----- Available records

(* Let $\{X_t\}_{t\in\mathbb Z}$ be i.i.d. real-valued random variables with distribution function $F$ which is twice differentiable with density $f=F'$ satisfying $$\sup_{x\in\mathbb R}\big(f(x)+|f'(x)|\big)<\infty\quad\text{and}\quad \mathbb P(|X_1|>x)\le Cx^{-\lambda}\ \text{for all } x>0$$ for some constant $C>0$ and fixed $\lambda>18/5$. Let $\beta\in(0,1)$ be fixed and assume $f(q_\beta)>0$, where $q_\beta=F^-(\beta)$. Then, as $n\to\infty$, $$\frac1{\sqrt n}\max_{1\le i<j\le n}(j-i+1)\Big|[\hat q_\beta]_i^j-q_\beta-\frac{\beta-\hat F_i^j(q_\beta)}{f(q_\beta)}\Big|=o_{\mathbb P}(1).$$
   Context: For a distribution function $G$, $G^-(\beta)=\inf\{x\in\mathbb R: G(x)\ge\beta\}$. $\hat F_i^j(z)=\frac1{j-i+1}\sum_{t=i}^jI\{X_t\le z\}$ is the empirical distribution function of $X_i,\dots,X_j$ and $[\hat q_\beta]_i^j=(\hat F_i^j)^-(\beta)$ the corresponding empirical $\beta$-quantile. *)

theory Defs
  imports "HOL-Probability.Probability"
begin

definition gen_inv :: "(real \<Rightarrow> real) \<Rightarrow> real \<Rightarrow> real" where
  "gen_inv G \<beta> = Inf {x. G x \<ge> \<beta>}"

definition emp_cdf :: "(nat \<Rightarrow> 'a \<Rightarrow> real) \<Rightarrow> nat \<Rightarrow> nat \<Rightarrow> 'a \<Rightarrow> real \<Rightarrow> real" where
  "emp_cdf X i j \<omega> z =
     (\<Sum>t=i..j. (if X t \<omega> \<le> z then 1 else 0)) / real (j - i + 1)"

definition emp_quantile :: "(nat \<Rightarrow> 'a \<Rightarrow> real) \<Rightarrow> real \<Rightarrow> nat \<Rightarrow> nat \<Rightarrow> 'a \<Rightarrow> real" where
  "emp_quantile X \<beta> i j \<omega> = gen_inv (emp_cdf X i j \<omega>) \<beta>"

definition bahadur_stat ::
  "(nat \<Rightarrow> 'a \<Rightarrow> real) \<Rightarrow> real \<Rightarrow> real \<Rightarrow> real \<Rightarrow> nat \<Rightarrow> 'a \<Rightarrow> real" where
  "bahadur_stat X \<beta> q fq n \<omega> =
     (1 / sqrt (real n)) *
     Max {real (j - i + 1) *
            \<bar>emp_quantile X \<beta> i j \<omega> - q - (\<beta> - emp_cdf X i j \<omega> q) / fq\<bar>
          | i j. 1 \<le> i \<and> i < j \<and> j \<le> n}"

end

theory Submission
  imports Defs "HOL-Real_Asymp.Real_Asymp"
begin

(* Fix \<epsilon> > 0 and put r = n^(1/20). A window [i, j] of length m \<le> r^4 is handled crudely on the
   event that all |X_t| \<le> n^(5/18), whose complement has probability O(n^(1 - 5\<lambda>/18)) = o(1)
   since \<lambda> > 18/5. For a longer window let a = (\<beta> - F_ij(q)) / f(q) and \<delta> = \<epsilon> \<surd>n / m.
   Because F_ij is monotone and F is linear near q up to a quadratic error, the empirical
   quantile lies in [q + a - \<delta>, q + a + \<delta>] as soon as F_ij - F is uniformly close to
   F_ij(q) - F(q) on a grid of mesh \<delta>/4 around q (or, for coarse meshes, as soon as F_ij
   crosses \<beta> between q - \<eta> and q + \<eta>). Chernoff bounds that use the small probability of
   each grid increment make all these exceptional events exp(-n^c) small, which survives the
   union bound over O(n^2) windows and O(r/\<epsilon>) grid points. *)

lemma exp_le_quadratic:
  fixes s :: real
  assumes "\<bar>s\<bar> \<le> 1"
  shows "exp s \<le> 1 + s + s\<^sup>2"
proof (cases "s \<ge> 0")
  case True
  thus ?thesis using exp_bound[of s] assms by auto
next
  case False
  define u where "u = -s"
  have u: "0 < u" "u \<le> 1" using False assms by (auto simp: u_def)
  have "exp (-u) = 1 / exp u" by (simp add: exp_minus field_simps)
  also have "\<dots> \<le> 1 / (1 + u)"
    using u exp_ge_add_one_self[of u] by (intro divide_left_mono) auto
  also have "\<dots> \<le> 1 - u + u\<^sup>2"
  proof -
    have "(1 + u) * (1 - u + u\<^sup>2) = 1 + u ^ 3"
      by (simp add: algebra_simps power2_eq_square power3_eq_cube)
    hence "1 \<le> (1 + u) * (1 - u + u\<^sup>2)" using u by simp
    thus ?thesis using u by (simp add: field_simps)
  qed
  finally show ?thesis by (simp add: u_def)
qed

lemma centred_bernoulli_mgf_le:
  fixes s p :: real
  assumes "\<bar>s\<bar> \<le> 1" "0 \<le> p"
  shows "exp (- s * p) * (1 + p * (exp s - 1)) \<le> exp (p * s\<^sup>2)"
proof -
  have "exp (- s * p) * (1 + p * (exp s - 1)) \<le> exp (- s * p) * exp (p * (exp s - 1))"
    using exp_ge_add_one_self[of "p * (exp s - 1)"] by simp
  also have "\<dots> = exp (p * (exp s - 1 - s))" by (simp add: mult_exp_exp algebra_simps)
  also have "\<dots> \<le> exp (p * s\<^sup>2)"
    using exp_le_quadratic[OF assms(1)] assms(2) by (intro exp_mono mult_left_mono) auto
  finally show ?thesis .
qed

context prob_space
begin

----------

**Problem to solve:**
All lines starting at the one holding "finally show ?thesis ." and ending at the last line above must be output exactly, and no other line may appear.

**Answer:**
  finally show ?thesis .
qed

context prob_space
begin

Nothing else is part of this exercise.